● **BRIEF**: Filter the material below so that only lines containing "fact" remain.
■ ■ ■ ■
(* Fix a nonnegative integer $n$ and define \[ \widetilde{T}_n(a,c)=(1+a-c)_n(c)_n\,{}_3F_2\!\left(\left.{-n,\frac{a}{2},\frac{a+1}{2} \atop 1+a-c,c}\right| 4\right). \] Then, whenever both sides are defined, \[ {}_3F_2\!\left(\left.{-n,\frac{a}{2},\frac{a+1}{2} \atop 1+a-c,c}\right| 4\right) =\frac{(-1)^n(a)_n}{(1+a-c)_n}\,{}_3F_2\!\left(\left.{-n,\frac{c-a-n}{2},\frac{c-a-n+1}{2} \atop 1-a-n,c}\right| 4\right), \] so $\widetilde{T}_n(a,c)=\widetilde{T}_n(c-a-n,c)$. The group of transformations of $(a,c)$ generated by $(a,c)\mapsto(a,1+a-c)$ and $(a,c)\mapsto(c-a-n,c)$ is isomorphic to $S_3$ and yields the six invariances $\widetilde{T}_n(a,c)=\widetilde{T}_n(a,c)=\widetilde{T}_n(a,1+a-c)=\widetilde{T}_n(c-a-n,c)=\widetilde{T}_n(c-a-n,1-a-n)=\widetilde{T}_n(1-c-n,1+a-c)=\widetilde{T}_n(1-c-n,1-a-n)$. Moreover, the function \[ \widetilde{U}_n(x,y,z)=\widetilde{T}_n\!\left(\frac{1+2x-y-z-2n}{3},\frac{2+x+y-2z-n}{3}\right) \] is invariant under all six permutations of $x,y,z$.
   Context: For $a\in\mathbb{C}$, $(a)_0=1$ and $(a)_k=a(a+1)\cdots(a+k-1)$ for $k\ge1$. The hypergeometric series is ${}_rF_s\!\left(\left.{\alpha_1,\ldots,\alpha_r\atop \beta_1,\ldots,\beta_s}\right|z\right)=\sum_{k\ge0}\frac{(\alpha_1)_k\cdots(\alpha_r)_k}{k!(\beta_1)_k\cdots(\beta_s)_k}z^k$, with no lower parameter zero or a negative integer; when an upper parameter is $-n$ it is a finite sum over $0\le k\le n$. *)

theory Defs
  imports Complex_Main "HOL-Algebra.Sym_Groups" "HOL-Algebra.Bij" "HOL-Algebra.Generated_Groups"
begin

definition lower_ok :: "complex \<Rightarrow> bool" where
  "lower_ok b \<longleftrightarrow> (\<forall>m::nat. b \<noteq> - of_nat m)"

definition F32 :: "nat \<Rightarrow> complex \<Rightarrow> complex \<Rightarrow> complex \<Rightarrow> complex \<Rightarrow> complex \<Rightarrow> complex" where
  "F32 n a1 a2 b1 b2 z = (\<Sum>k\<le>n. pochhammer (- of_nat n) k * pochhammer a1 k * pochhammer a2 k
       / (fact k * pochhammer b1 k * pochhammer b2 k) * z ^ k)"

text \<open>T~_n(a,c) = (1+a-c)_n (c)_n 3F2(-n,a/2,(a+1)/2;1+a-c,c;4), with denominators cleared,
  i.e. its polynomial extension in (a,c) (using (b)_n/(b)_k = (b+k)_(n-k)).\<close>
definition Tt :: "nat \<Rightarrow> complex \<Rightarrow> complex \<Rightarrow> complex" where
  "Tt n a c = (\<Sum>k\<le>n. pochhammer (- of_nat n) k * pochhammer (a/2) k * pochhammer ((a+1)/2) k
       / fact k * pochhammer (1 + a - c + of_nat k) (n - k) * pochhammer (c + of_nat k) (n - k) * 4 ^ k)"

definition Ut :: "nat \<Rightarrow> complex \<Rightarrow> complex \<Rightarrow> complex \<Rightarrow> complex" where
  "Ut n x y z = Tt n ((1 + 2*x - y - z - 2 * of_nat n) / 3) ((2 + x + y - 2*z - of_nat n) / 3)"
■ ■ ■ ■
● **EXPECTED OUTPUT**:
       / (fact k * pochhammer b1 k * pochhammer b2 k) * z ^ k)"
       / fact k * pochhammer (1 + a - c + of_nat k) (n - k) * pochhammer (c + of_nat k) (n - k) * 4 ^ k)"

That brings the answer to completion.